4.2 Verzögerungen, die durch fehlende Mitwirkung des Kunden entstehen (z. B. fehlende Server-Zugänge, nicht gelieferte Testdaten), gehen nicht zu Lasten des Auftragnehmers und können zu Terminverschiebungen sowie Mehraufwand führen.
4.3 Hardware-Sicherheit: Der Kunde garantiert, dass die zu steuernde Anlage über autarke, hardwarebasierte Sicherheitsvorrichtungen (z. B. physische Not-Aus-Ketten, mechanische Überdruckventile) verfügt, die bei einem Fehler oder Ausfall der Software einen sicheren Anlagenzustand (Fail-Safe) gewährleisten. Die Software von JLE Systems ersetzt keine physischen Sicherheitseinrichtungen.
5. Softwareentwicklung und Nutzungsrechte
5.1 Soweit der Auftragnehmer für den Kunden individuelle Software erstellt, verbleiben alle Urheberrechte an den geschaffenen Werken (Software, Quellcode, Dokumentation) beim Auftragnehmer.
5.2 Werknutzungsrecht: Der Kunde erhält nach vollständiger Bezahlung ein nicht-ausschließliches, nicht-übertragbares, zeitlich unbeschränktes Werknutzungsrecht für den vertraglich vereinbarten Zweck im eigenen Unternehmen (bzw. bei Verbrauchern für den privaten Gebrauch). Eine Weitergabe, Sublicenzierung oder der Weiterverkauf der Software als eigenes Produkt ist nur mit ausdrücklicher schriftlicher Zustimmung zulässig.

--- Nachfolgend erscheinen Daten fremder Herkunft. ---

(* Let $m\ge2$, $n\ge1$, and let $\rho:BS(1,m)\to T_n(\mathbb Z[1/m])$ be an injective homomorphism such that $\Delta(\rho(a))\ne\mathbf 1_n$ and all diagonal entries of $\rho(t)$ are strictly positive. Then $\rho(BS(1,m))$ has CSP.
   Context: $BS(1,m)=\langle a,t\mid tat^{-1}=a^m\rangle$. $T_n(\mathbb Z[1/m])$ is the group of invertible upper triangular $n\times n$ matrices over $\mathbb Z[1/m]$, and $\Delta:T_n(\mathbb Z[1/m])\to D_n(\mathbb Z[1/m])$ is the homomorphism sending a matrix to the diagonal matrix with the same diagonal. For a subgroup $G\le GL_n(\mathbb Z[1/m])$ and an integer $N>0$ coprime to $m$, the congruence subgroup $G(N)$ is $G\cap\ker\big(GL_n(\mathbb Z[1/m])\to GL_n(\mathbb Z/N\mathbb Z)\big)$. $G$ has the congruence subgroup property (CSP) if every finite-index subgroup of $G$ contains $G(N)$ for some $N>0$ coprime to $m$. *)

theory Defs
  imports "Jordan_Normal_Form.Matrix" "HOL-Algebra.Coset"
begin

definition Zinv :: "nat \<Rightarrow> rat set" where
  "Zinv m = {q. \<exists>(z::int) (k::nat). q = of_int z / (of_nat m) ^ k}"

definition mat_over :: "nat \<Rightarrow> nat \<Rightarrow> rat mat set" where
  "mat_over m n = {A \<in> carrier_mat n n. \<forall>i<n. \<forall>j<n. A $$ (i,j) \<in> Zinv m}"

definition GLZ :: "nat \<Rightarrow> nat \<Rightarrow> rat mat set" where
  "GLZ m n = {A \<in> mat_over m n. \<exists>B \<in> mat_over m n. A * B = 1\<^sub>m n \<and> B * A = 1\<^sub>m n}"

definition GLZ_group :: "nat \<Rightarrow> nat \<Rightarrow> rat mat monoid" where
  "GLZ_group m n = \<lparr>carrier = GLZ m n, mult = (\<lambda>A B. A * B), one = 1\<^sub>m n\<rparr>"

definition TZ :: "nat \<Rightarrow> nat \<Rightarrow> rat mat set" where
  "TZ m n = {A \<in> GLZ m n. upper_triangular A}"

text \<open>Reduction modulo N (N coprime to m): the kernel of Z[1/m] -> Z/NZ is N Z[1/m].
  The congruence subgroup G(N) = G \<inter> ker(GL_n(Z[1/m]) -> GL_n(Z/NZ)).\<close>
definition cong_zero :: "nat \<Rightarrow> nat \<Rightarrow> rat \<Rightarrow> bool" where
  "cong_zero m N q \<longleftrightarrow> (\<exists>r \<in> Zinv m. q = of_nat N * r)"

definition cong_subgroup :: "nat \<Rightarrow> nat \<Rightarrow> rat mat set \<Rightarrow> nat \<Rightarrow> rat mat set" where
  "cong_subgroup m n G N =
     {A \<in> G. \<forall>i<n. \<forall>j<n. cong_zero m N (A $$ (i,j) - (1\<^sub>m n) $$ (i,j))}"

definition has_CSP :: "nat \<Rightarrow> nat \<Rightarrow> rat mat set \<Rightarrow> bool" where
  "has_CSP m n G \<longleftrightarrow>
     (\<forall>K. subgroup K ((GLZ_group m n)\<lparr>carrier := G\<rparr>)
          \<and> finite (rcosets\<^bsub>(GLZ_group m n)\<lparr>carrier := G\<rparr>\<^esub> K)
        \<longrightarrow> (\<exists>N>0. coprime N m \<and> cong_subgroup m n G N \<subseteq> K))"

text \<open>The Baumslag--Solitar group BS(1,m), realised concretely as the group of affine maps
  x \<mapsto> m^k x + b of Q with k \<in> Z and b \<in> Z[1/m]; the pair (k,b) encodes this map and the
  product is composition. The generators are a = (0,1) (x \<mapsto> x+1) and t = (1,0) (x \<mapsto> m x),
  which satisfy t a t^-1 = a^m; this is the standard isomorphism
  <a,t | t a t^-1 = a^m> \<cong> Z[1/m] \<rtimes> Z.\<close>
definition BS :: "nat \<Rightarrow> (int \<times> rat) monoid" where
  "BS m = \<lparr>carrier = {(k, b). b \<in> Zinv m},
           mult = (\<lambda>(k, b) (l, c). (k + l, (of_nat m) powi k * c + b)),
           one = (0, 0)\<rparr>"

definition BS_a :: "int \<times> rat" where "BS_a = (0, 1)"
definition BS_t :: "int \<times> rat" where "BS_t = (1, 0)"

end

(*
  Write (k, b) for the affine map x |-> m^k x + b of Z[1/m], so that a^c = (0, c) and t = (1, 0).
  Since t a^x t^-1 = a^(m x), the diagonal of rho(a^x) is a character delta of Z[1/m] with
  delta^m = delta; hence delta = +-1 and every rho(a^(2c)) is unitriangular. On the first
  superdiagonal on which some rho(a^(2c)) is nontrivial, its entry is additive in c, so it
  equals c v for a fixed nonzero v in Z[1/m].

  Let K have finite index in G = rho(BS(1,m)) and F = [G : K]!. Then g^F lies in K for every g,
  so K contains every rho(k, b) with F | k in Z and F | b in Z[1/m]. Put
  Y = (m^F - 1)(m - 1) F and choose N prime to m with Y v dividing N in Z[1/m]. If
  rho(0, c) = 1 mod N then c v is divisible by N, hence c by Y. If rho(k, b) = 1 mod N, then so
  are its commutators with a and t, the translations by m^k - 1 and (1 - m) b. Thus
  m^F - 1 divides m^k - 1 in Z[1/m], which forces F | k, and F divides b.
*)
theory Submission
  imports Defs
begin

section \<open>Divisibility in \<open>\<int>[1/m]\<close>\<close>

lemma Zinv_of_int [simp]: "of_int z \<in> Zinv m"
  unfolding Zinv_def by (intro CollectI exI[of _ z] exI[of _ 0]) simp

lemma Zinv_of_nat [simp]: "of_nat N \<in> Zinv m"
  using Zinv_of_int[of "int N"] by simp

lemma Zinv_numeral [simp]: "numeral k \<in> Zinv m"
  using Zinv_of_nat[of "numeral k"] by simp

lemma Zinv_power [simp]: "of_nat m ^ j \<in> Zinv m"
  using Zinv_of_nat[of "m ^ j"] by simp

lemma Zinv_0 [simp]: "0 \<in> Zinv m" and Zinv_1 [simp]: "1 \<in> Zinv m"
  using Zinv_of_int[of 0] Zinv_of_int[of 1] by simp_all

lemma Zinv_add:
  assumes "m > 0" "a \<in> Zinv m" "b \<in> Zinv m"
  shows "a + b \<in> Zinv m"
proof -
  obtain z1 k1 z2 k2 where a: "a = of_int z1 / of_nat m ^ k1" and b: "b = of_int z2 / of_nat m ^ k2"
    using assms(2,3) unfolding Zinv_def by blast
  have "a + b = of_int (z1 * int m ^ k2 + z2 * int m ^ k1) / of_nat m ^ (k1 + k2)"
    using assms(1) by (simp add: a b field_simps power_add)
  then show ?thesis unfolding Zinv_def by blast
qed

lemma Zinv_mult:
  assumes "a \<in> Zinv m" "b \<in> Zinv m"
  shows "a * b \<in> Zinv m"
proof -
  obtain z1 k1 z2 k2 where "a = of_int z1 / of_nat m ^ k1" "b = of_int z2 / of_nat m ^ k2"
    using assms unfolding Zinv_def by blast
  then have "a * b = of_int (z1 * z2) / of_nat m ^ (k1 + k2)"
    by (simp add: power_add)
  then show ?thesis unfolding Zinv_def by blast
qed

lemma Zinv_uminus: "a \<in> Zinv m \<Longrightarrow> - a \<in> Zinv m"
  using Zinv_mult[OF Zinv_of_int[of "-1"]] by simp

lemma Zinv_diff: "m > 0 \<Longrightarrow> a \<in> Zinv m \<Longrightarrow> b \<in> Zinv m \<Longrightarrow> a - b \<in> Zinv m"
  using Zinv_add[OF _ _ Zinv_uminus] by simp

lemma Zinv_divide_power:
  assumes "a \<in> Zinv m"
  shows "a / of_nat m ^ j \<in> Zinv m"
proof -
  obtain z k where "a = of_int z / of_nat m ^ k"
    using assms unfolding Zinv_def by blast
  then have "a / of_nat m ^ j = of_int z / of_nat m ^ (k + j)"
    by (simp add: power_add)
  then show ?thesis unfolding Zinv_def by blast
qed

lemma Zinv_power_int [simp]: "of_nat m powi k \<in> Zinv m"
proof (cases "k \<ge> 0")
  case True
  then show ?thesis using Zinv_of_nat[of "m ^ nat k" m] by (simp add: power_int_def)
next
  case False
  then show ?thesis using Zinv_divide_power[OF Zinv_1, of m "nat (- k)"]
    by (simp add: power_int_def power_inverse divide_inverse)
qed

definition Zinv_dvd :: "nat \<Rightarrow> rat \<Rightarrow> rat \<Rightarrow> bool" where
  "Zinv_dvd m a b \<longleftrightarrow> (\<exists>r\<in>Zinv m. b = a * r)"

lemma cong_zero_iff_Zinv_dvd: "cong_zero m N q \<longleftrightarrow> Zinv_dvd m (of_nat N) q"
  unfolding cong_zero_def Zinv_dvd_def ..

lemma Zinv_dvd_0 [simp]: "Zinv_dvd m a 0"
  unfolding Zinv_dvd_def by (auto intro: bexI[of _ 0])

lemma Zinv_dvd_add:
  "m > 0 \<Longrightarrow> Zinv_dvd m a b \<Longrightarrow> Zinv_dvd m a c \<Longrightarrow> Zinv_dvd m a (b + c)"
  unfolding Zinv_dvd_def by (metis Zinv_add distrib_left)

lemma Zinv_dvd_uminus: "Zinv_dvd m a b \<Longrightarrow> Zinv_dvd m a (- b)"
  unfolding Zinv_dvd_def by (metis Zinv_uminus mult_minus_right)

lemma Zinv_dvd_mult_right: "Zinv_dvd m a b \<Longrightarrow> c \<in> Zinv m \<Longrightarrow> Zinv_dvd m a (b * c)"
  unfolding Zinv_dvd_def by (metis Zinv_mult mult.assoc)

lemma Zinv_dvd_mult_left: "Zinv_dvd m a b \<Longrightarrow> c \<in> Zinv m \<Longrightarrow> Zinv_dvd m a (c * b)"
  using Zinv_dvd_mult_right by (simp add: mult.commute)

lemma Zinv_dvd_trans: "Zinv_dvd m a b \<Longrightarrow> Zinv_dvd m b c \<Longrightarrow> Zinv_dvd m a c"
  unfolding Zinv_dvd_def by (metis Zinv_mult mult.assoc)

lemma Zinv_dvd_sum:
  "m > 0 \<Longrightarrow> (\<And>i. i \<in> A \<Longrightarrow> Zinv_dvd m a (f i)) \<Longrightarrow> Zinv_dvd m a (sum f A)"
  by (induction A rule: infinite_finite_induct) (simp_all add: Zinv_dvd_add)

lemma Zinv_dvd_mult_cancel_right:
  "c \<noteq> 0 \<Longrightarrow> Zinv_dvd m (a * c) (b * c) \<Longrightarrow> Zinv_dvd m a b"
  unfolding Zinv_dvd_def by auto

lemma Zinv_dvd_of_int: "a dvd b \<Longrightarrow> Zinv_dvd m (of_int a) (of_int b)"
  unfolding Zinv_dvd_def by (metis Zinv_of_int dvdE of_int_mult)

lemma Zinv_dvd_divide_power: "Zinv_dvd m a b \<Longrightarrow> Zinv_dvd m a (b / of_nat m ^ j)"
  unfolding Zinv_dvd_def by (metis Zinv_divide_power times_divide_eq_right)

5.3 Drittsoftware: Sofern Open-Source-Komponenten oder Software Dritter eingesetzt werden, unterliegen diese den jeweiligen Lizenzbedingungen der Rechteinhaber.
5.4 Der Auftragnehmer ist berechtigt, Teile des Quellcodes, Algorithmen oder Entwicklungsmethoden (allgemeines Know-how), die im Rahmen des Projekts entwickelt wurden, auch für andere Projekte wiederzuverwenden, sofern dabei keine Geschäftsgeheimnisse oder vertraulichen Daten des Kunden verletzt werden.
6. Eigentumsvorbehalt
6.1 Gelieferte Waren bleiben bis zur vollständigen Bezahlung im Eigentum des Auftragnehmers.
6.2 Vorbehalt bei Nutzungsrechten: Nutzungsrechte an Software werden erst mit vollständiger Bezahlung des vereinbarten Entgelts eingeräumt. Bis zur vollständigen Zahlung ist jede Nutzung der Software durch den Kunden nur widerruflich gestattet.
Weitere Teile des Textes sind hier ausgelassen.